» **What is being asked**
Below are the entries; give again exactly the lines from the one mentioning "type_synonym 'v tedge" through the one mentioning "in the edge", inclusive.
○ ○ ○ ○
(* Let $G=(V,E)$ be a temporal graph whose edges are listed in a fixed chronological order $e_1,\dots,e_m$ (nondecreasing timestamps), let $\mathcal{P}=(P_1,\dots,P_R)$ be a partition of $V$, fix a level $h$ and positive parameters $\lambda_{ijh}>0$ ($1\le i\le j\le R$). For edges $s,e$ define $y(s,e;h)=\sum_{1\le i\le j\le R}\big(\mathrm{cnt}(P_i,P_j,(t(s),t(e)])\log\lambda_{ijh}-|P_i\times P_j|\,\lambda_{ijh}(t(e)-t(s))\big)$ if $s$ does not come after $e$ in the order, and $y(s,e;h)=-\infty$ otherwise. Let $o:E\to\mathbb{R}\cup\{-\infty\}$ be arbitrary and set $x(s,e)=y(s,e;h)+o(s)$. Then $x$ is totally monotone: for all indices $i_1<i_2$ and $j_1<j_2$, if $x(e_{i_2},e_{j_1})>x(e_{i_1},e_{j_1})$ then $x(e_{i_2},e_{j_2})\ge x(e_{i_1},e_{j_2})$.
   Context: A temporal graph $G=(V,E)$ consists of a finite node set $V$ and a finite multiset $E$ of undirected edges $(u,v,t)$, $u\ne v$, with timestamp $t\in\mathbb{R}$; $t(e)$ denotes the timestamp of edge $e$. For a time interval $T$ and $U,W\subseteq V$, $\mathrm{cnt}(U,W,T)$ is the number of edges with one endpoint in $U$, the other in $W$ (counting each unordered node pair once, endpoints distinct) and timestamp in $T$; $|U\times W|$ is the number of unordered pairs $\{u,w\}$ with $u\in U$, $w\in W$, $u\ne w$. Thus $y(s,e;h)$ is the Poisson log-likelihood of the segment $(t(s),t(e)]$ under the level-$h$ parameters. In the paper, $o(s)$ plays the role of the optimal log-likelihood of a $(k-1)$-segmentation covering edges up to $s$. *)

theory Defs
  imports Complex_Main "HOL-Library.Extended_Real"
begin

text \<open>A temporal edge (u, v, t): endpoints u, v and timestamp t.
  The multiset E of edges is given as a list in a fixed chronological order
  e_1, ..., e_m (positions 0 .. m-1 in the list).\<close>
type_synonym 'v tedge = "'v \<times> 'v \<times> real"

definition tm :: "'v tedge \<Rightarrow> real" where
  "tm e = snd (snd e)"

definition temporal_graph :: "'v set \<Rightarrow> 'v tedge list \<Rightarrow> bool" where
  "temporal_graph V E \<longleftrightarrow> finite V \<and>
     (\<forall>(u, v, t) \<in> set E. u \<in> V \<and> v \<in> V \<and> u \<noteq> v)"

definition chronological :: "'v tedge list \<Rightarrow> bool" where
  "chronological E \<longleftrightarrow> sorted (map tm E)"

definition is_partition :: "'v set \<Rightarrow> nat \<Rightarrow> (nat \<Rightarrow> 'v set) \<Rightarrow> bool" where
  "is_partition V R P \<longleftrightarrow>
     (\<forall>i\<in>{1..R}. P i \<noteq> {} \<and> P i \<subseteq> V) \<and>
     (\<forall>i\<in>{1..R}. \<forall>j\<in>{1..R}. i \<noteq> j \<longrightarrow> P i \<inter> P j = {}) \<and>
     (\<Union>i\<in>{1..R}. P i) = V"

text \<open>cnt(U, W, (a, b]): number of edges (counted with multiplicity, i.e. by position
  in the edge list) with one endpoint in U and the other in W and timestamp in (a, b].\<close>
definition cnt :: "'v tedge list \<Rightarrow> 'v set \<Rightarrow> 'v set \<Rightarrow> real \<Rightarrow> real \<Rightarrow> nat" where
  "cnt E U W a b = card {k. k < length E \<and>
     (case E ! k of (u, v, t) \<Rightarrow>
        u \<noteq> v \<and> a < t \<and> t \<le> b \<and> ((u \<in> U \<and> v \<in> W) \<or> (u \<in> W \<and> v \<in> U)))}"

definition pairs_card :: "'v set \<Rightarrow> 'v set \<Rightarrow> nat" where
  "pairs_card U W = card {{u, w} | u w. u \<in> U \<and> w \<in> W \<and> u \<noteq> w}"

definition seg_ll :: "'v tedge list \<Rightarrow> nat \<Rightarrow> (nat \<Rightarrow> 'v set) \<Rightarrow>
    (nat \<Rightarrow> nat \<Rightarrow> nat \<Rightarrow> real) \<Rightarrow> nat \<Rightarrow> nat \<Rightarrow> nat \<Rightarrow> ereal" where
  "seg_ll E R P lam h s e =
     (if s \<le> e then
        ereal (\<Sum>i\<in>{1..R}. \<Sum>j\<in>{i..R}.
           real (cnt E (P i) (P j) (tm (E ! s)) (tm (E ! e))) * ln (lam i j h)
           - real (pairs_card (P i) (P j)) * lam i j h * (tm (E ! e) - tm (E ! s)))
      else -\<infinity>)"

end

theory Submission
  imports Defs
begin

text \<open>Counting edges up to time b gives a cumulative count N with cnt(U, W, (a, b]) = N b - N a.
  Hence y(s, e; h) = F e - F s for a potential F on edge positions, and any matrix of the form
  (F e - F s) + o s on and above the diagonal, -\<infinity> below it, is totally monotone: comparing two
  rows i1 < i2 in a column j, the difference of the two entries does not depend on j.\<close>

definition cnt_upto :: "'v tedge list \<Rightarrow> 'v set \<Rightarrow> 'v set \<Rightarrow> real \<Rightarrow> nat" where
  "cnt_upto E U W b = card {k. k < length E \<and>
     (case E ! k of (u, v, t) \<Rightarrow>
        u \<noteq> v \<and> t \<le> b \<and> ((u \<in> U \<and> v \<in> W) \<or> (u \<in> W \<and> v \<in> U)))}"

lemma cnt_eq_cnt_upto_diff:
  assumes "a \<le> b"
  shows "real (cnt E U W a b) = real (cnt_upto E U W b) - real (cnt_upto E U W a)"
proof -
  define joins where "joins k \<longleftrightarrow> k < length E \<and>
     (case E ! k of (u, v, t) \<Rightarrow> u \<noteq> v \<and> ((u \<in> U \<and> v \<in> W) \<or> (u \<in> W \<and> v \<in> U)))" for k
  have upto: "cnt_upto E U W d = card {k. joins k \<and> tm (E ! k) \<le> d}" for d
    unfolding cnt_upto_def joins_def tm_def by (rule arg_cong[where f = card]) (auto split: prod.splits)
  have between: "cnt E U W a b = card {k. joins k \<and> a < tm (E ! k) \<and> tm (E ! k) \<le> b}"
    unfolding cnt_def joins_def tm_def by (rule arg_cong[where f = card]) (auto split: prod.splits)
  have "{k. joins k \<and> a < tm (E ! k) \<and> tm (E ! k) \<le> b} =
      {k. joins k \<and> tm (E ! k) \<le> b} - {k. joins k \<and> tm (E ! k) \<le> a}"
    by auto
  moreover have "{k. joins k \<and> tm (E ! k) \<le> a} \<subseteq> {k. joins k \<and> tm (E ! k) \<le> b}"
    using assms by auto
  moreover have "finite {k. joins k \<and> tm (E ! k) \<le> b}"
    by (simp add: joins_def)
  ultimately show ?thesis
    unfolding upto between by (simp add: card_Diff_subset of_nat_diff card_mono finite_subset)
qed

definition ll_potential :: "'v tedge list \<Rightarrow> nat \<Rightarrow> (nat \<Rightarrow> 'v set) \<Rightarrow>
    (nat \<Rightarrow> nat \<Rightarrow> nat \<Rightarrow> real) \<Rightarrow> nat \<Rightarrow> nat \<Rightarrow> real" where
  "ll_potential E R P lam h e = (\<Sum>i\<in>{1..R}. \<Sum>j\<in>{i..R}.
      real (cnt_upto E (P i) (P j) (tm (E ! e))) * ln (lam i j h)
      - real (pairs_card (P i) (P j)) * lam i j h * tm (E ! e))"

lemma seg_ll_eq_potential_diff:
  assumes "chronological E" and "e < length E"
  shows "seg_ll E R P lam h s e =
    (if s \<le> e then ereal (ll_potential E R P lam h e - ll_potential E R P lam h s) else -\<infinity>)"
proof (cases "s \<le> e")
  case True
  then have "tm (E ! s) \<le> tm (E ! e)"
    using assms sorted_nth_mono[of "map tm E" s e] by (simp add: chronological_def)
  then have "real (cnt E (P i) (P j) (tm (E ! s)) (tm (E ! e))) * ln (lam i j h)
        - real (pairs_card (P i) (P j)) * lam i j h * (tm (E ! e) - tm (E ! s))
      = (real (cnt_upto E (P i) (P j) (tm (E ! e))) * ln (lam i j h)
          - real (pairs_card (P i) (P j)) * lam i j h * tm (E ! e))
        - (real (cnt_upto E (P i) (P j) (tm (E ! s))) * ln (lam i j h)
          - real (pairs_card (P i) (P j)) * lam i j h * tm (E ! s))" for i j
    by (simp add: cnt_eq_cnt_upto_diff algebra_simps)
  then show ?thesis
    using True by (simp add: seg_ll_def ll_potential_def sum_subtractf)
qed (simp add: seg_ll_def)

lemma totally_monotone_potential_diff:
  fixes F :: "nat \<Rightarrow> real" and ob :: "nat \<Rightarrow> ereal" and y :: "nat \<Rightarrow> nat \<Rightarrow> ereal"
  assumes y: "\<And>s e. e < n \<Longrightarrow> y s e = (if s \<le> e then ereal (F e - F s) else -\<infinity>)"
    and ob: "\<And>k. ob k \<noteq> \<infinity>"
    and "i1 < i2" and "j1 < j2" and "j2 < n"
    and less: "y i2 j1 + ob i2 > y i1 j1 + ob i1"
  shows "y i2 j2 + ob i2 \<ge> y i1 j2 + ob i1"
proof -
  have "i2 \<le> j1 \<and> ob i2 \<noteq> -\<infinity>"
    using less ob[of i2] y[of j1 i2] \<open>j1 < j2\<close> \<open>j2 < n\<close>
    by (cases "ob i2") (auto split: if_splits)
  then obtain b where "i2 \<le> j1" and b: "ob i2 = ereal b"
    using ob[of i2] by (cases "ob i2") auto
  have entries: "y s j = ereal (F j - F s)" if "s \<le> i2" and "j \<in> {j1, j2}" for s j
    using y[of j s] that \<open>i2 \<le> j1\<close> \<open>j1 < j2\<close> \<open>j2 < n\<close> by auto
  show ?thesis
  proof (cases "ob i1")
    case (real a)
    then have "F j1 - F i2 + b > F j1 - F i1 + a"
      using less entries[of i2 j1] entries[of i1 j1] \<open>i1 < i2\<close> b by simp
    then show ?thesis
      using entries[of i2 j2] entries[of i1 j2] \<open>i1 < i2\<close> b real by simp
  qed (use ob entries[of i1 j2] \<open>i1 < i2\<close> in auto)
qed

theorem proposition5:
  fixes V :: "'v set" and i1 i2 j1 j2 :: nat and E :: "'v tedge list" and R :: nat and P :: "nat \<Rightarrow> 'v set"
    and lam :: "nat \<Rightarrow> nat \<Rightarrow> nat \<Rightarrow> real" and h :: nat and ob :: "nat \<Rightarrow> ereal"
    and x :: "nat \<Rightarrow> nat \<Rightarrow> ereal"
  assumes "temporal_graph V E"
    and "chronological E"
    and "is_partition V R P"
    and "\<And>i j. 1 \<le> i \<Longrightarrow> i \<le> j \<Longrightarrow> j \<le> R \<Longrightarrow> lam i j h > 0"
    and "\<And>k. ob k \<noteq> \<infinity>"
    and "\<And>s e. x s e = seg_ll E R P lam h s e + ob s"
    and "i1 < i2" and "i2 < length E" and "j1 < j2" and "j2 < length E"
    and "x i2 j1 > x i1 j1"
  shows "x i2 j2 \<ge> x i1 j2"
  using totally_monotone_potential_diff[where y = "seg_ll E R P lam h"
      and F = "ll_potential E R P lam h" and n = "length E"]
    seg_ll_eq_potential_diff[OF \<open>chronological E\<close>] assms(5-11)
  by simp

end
○ ○ ○ ○
» **Problem solution**
type_synonym 'v tedge = "'v \<times> 'v \<times> real"

definition tm :: "'v tedge \<Rightarrow> real" where
  "tm e = snd (snd e)"

definition temporal_graph :: "'v set \<Rightarrow> 'v tedge list \<Rightarrow> bool" where
  "temporal_graph V E \<longleftrightarrow> finite V \<and>
     (\<forall>(u, v, t) \<in> set E. u \<in> V \<and> v \<in> V \<and> u \<noteq> v)"

definition chronological :: "'v tedge list \<Rightarrow> bool" where
  "chronological E \<longleftrightarrow> sorted (map tm E)"

definition is_partition :: "'v set \<Rightarrow> nat \<Rightarrow> (nat \<Rightarrow> 'v set) \<Rightarrow> bool" where
  "is_partition V R P \<longleftrightarrow>
     (\<forall>i\<in>{1..R}. P i \<noteq> {} \<and> P i \<subseteq> V) \<and>
     (\<forall>i\<in>{1..R}. \<forall>j\<in>{1..R}. i \<noteq> j \<longrightarrow> P i \<inter> P j = {}) \<and>
     (\<Union>i\<in>{1..R}. P i) = V"

text \<open>cnt(U, W, (a, b]): number of edges (counted with multiplicity, i.e. by position
  in the edge list) with one endpoint in U and the other in W and timestamp in (a, b].\<close>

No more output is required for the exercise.